Start of DATA SECTION

lemma path_decomp_graft_family:
  assumes bs: "path_decomp W F bs" "\<forall>B\<in>set bs. card B \<le> k"
    and S: "finite S" "S \<subseteq> W"
    and cs: "\<And>s. s \<in> S \<Longrightarrow> path_decomp (X s) (G s) (cs s)"
    and cs_card: "\<And>s C. s \<in> S \<Longrightarrow> C \<in> set (cs s) \<Longrightarrow> card C \<le> l"
    and X_W: "\<And>s. s \<in> S \<Longrightarrow> X s \<inter> W \<subseteq> {s}"
    and X_disjoint: "\<And>s t. s \<in> S \<Longrightarrow> t \<in> S \<Longrightarrow> s \<noteq> t \<Longrightarrow> X s \<inter> X t = {}"
  shows "\<exists>ds. path_decomp (W \<union> \<Union>(X ` S)) (F \<union> \<Union>(G ` S)) ds \<and>
    (\<forall>D\<in>set ds. card D \<le> k + l) \<and> set bs \<subseteq> set ds"
  using S(1) subset_refl[of S]
proof (induction S rule: finite_subset_induct')
  case empty
  have "\<forall>B\<in>set bs. card B \<le> k + l" using bs(2) by fastforce
  then show ?case using bs(1) by auto
next
  case (insert a T)
  then obtain ds where ds: "path_decomp (W \<union> \<Union>(X ` T)) (F \<union> \<Union>(G ` T)) ds"
    "\<forall>D\<in>set ds. card D \<le> k + l" "set bs \<subseteq> set ds"
    by blast
  have "a \<in> W" using insert.hyps(2) S(2) by blast
  then obtain B where B: "B \<in> set bs" "a \<in> B"
    using bs(1) unfolding path_decomp_iff by blast
  then have "B \<in> set ds" using ds(3) by blast
  then obtain i where i: "i < length ds" "ds ! i = B" by (auto simp: in_set_conv_nth)
  have "X a \<inter> W \<subseteq> {a}" using X_W insert.hyps(2) by blast
  moreover have "X a \<inter> X t = {}" if "t \<in> T" for t
    using X_disjoint[of a t] insert.hyps(2-4) that by blast
  ultimately have "X a \<inter> (W \<union> \<Union>(X ` T)) \<subseteq> ds ! i" using B(2) i(2) by blast
  then have "path_decomp ((W \<union> \<Union>(X ` T)) \<union> X a) ((F \<union> \<Union>(G ` T)) \<union> G a)
      (splice_after ds i (cs a))"
    using path_decomp_splice_after[OF ds(1) i(1) cs[OF insert.hyps(2)]] by blast
  moreover have "\<forall>D\<in>set (splice_after ds i (cs a)). card D \<le> k + l"
    using ds(2) bs(2) B(1) cs_card[OF insert.hyps(2)] i(2)
    by (intro card_splice_after_le) (auto intro: add_mono)
  moreover have "set bs \<subseteq> set (splice_after ds i (cs a))"
    using ds(3) set_subset_set_splice_after by blast
  ultimately show ?case by (intro exI[of _ "splice_after ds i (cs a)"]) (simp add: Un_ac)
qed

lemma pathwidth_witness:
  assumes "graph V E"
  shows "\<exists>bs. path_decomp V E bs \<and> (\<forall>B\<in>set bs. card B \<le> pathwidth V E + 1)"
proof -
  have "path_decomp V E [V]" using assms by (auto simp: path_decomp_def graph_def)
  then have "\<exists>k bs. path_decomp V E bs \<and> (\<forall>B\<in>set bs. card B \<le> k + 1)"
    by (intro exI[of _ "card V"] exI[of _ "[V]"]) simp
  then show ?thesis unfolding pathwidth_def by (rule LeastI_ex)
qed

lemma pathwidth_le:
  "path_decomp V E bs \<Longrightarrow> \<forall>B\<in>set bs. card B \<le> k + 1 \<Longrightarrow> pathwidth V E \<le> k"
  unfolding pathwidth_def by (blast intro: Least_le)


lemma (in tree_subtree) path_decomp_tree_union:
  assumes "subgraph W E' V E" "V = U \<union> W" "E = F \<union> E'"
    and bs: "path_decomp U F bs" "\<forall>B\<in>set bs. card B \<le> k"
    and cs: "path_decomp W E' cs" "\<forall>C\<in>set cs. card C \<le> l"
  shows "\<exists>ds. path_decomp V E ds \<and> (\<forall>D\<in>set ds. card D \<le> k + l)"
proof -
  have graph: "graph W E'" and "W \<subseteq> V" "E' \<subseteq> E"
    using assms(1) by (auto simp: subgraph_def)
  define X where "X s = {v \<in> W. attachment V E U v = s}" for s
  define G where "G s = {e \<in> E'. e \<subseteq> X s}" for s
  have "\<exists>ds. path_decomp (U \<union> \<Union>(X ` U)) (F \<union> \<Union>(G ` U)) ds \<and>
      (\<forall>D\<in>set ds. card D \<le> k + l) \<and> set bs \<subseteq> set ds"
  proof (rule path_decomp_graft_family[OF bs _ subset_refl,
        where cs = "\<lambda>s. map (\<lambda>C. C \<inter> X s) cs"])
    show "finite U" using subtree by (simp add: subtree_def subgraph_def graph_def)
    show "path_decomp (X s) (G s) (map (\<lambda>C. C \<inter> X s) cs)" for s
      unfolding G_def by (rule path_decomp_restrict[OF cs(1)]) (auto simp: X_def)
    show "card C' \<le> l" if C': "C' \<in> set (map (\<lambda>C. C \<inter> X s) cs)" for s C'
    proof -
      obtain C where C: "C \<in> set cs" "C' = C \<inter> X s" using C' by auto
      then have "C \<subseteq> W" using cs(1) by (simp add: path_decomp_def)
      then have "finite C" using graph finite_subset by (auto simp: graph_def)
      then have "card C' \<le> card C" unfolding C(2) by (simp add: card_mono)
      then show ?thesis using cs(2) C(1) by fastforce
    qed
    show "X s \<inter> U \<subseteq> {s}" for s using attachment_of_subtree_vertex by (auto simp: X_def)
    show "X s \<inter> X t = {}" if "s \<noteq> t" for s t using that by (auto simp: X_def)
  qed
  then obtain ds where "path_decomp (U \<union> \<Union>(X ` U)) (F \<union> \<Union>(G ` U)) ds"
    "\<forall>D\<in>set ds. card D \<le> k + l"
    by blast
  moreover have "U \<union> \<Union>(X ` U) = V"
    using subtree_branches_cover_vertices[OF \<open>W \<subseteq> V\<close>] assms(2) subtree_vertices \<open>W \<subseteq> V\<close>
    unfolding X_def by blast
  moreover have "E \<subseteq> F \<union> \<Union>(G ` U)"
    using subtree_branches_cover_edges[OF graph \<open>E' \<subseteq> E\<close>] assms(3) unfolding G_def X_def by blast
  ultimately show ?thesis using path_decomp_mono_edges by blast
qed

End of DATA SECTION

WHAT IS REQUIRED ▸ Only the lines from the first line of the records through the one containing "using X_disjoint[of a" should be reproduced, exactly, with both of them included.

RESULT BELOW ▸
lemma path_decomp_graft_family:
  assumes bs: "path_decomp W F bs" "\<forall>B\<in>set bs. card B \<le> k"
    and S: "finite S" "S \<subseteq> W"
    and cs: "\<And>s. s \<in> S \<Longrightarrow> path_decomp (X s) (G s) (cs s)"
    and cs_card: "\<And>s C. s \<in> S \<Longrightarrow> C \<in> set (cs s) \<Longrightarrow> card C \<le> l"
    and X_W: "\<And>s. s \<in> S \<Longrightarrow> X s \<inter> W \<subseteq> {s}"
    and X_disjoint: "\<And>s t. s \<in> S \<Longrightarrow> t \<in> S \<Longrightarrow> s \<noteq> t \<Longrightarrow> X s \<inter> X t = {}"
  shows "\<exists>ds. path_decomp (W \<union> \<Union>(X ` S)) (F \<union> \<Union>(G ` S)) ds \<and>
    (\<forall>D\<in>set ds. card D \<le> k + l) \<and> set bs \<subseteq> set ds"
  using S(1) subset_refl[of S]
proof (induction S rule: finite_subset_induct')
  case empty
  have "\<forall>B\<in>set bs. card B \<le> k + l" using bs(2) by fastforce
  then show ?case using bs(1) by auto
next
  case (insert a T)
  then obtain ds where ds: "path_decomp (W \<union> \<Union>(X ` T)) (F \<union> \<Union>(G ` T)) ds"
    "\<forall>D\<in>set ds. card D \<le> k + l" "set bs \<subseteq> set ds"
    by blast
  have "a \<in> W" using insert.hyps(2) S(2) by blast
  then obtain B where B: "B \<in> set bs" "a \<in> B"
    using bs(1) unfolding path_decomp_iff by blast
  then have "B \<in> set ds" using ds(3) by blast
  then obtain i where i: "i < length ds" "ds ! i = B" by (auto simp: in_set_conv_nth)
  have "X a \<inter> W \<subseteq> {a}" using X_W insert.hyps(2) by blast
  moreover have "X a \<inter> X t = {}" if "t \<in> T" for t
    using X_disjoint[of a t] insert.hyps(2-4) that by blast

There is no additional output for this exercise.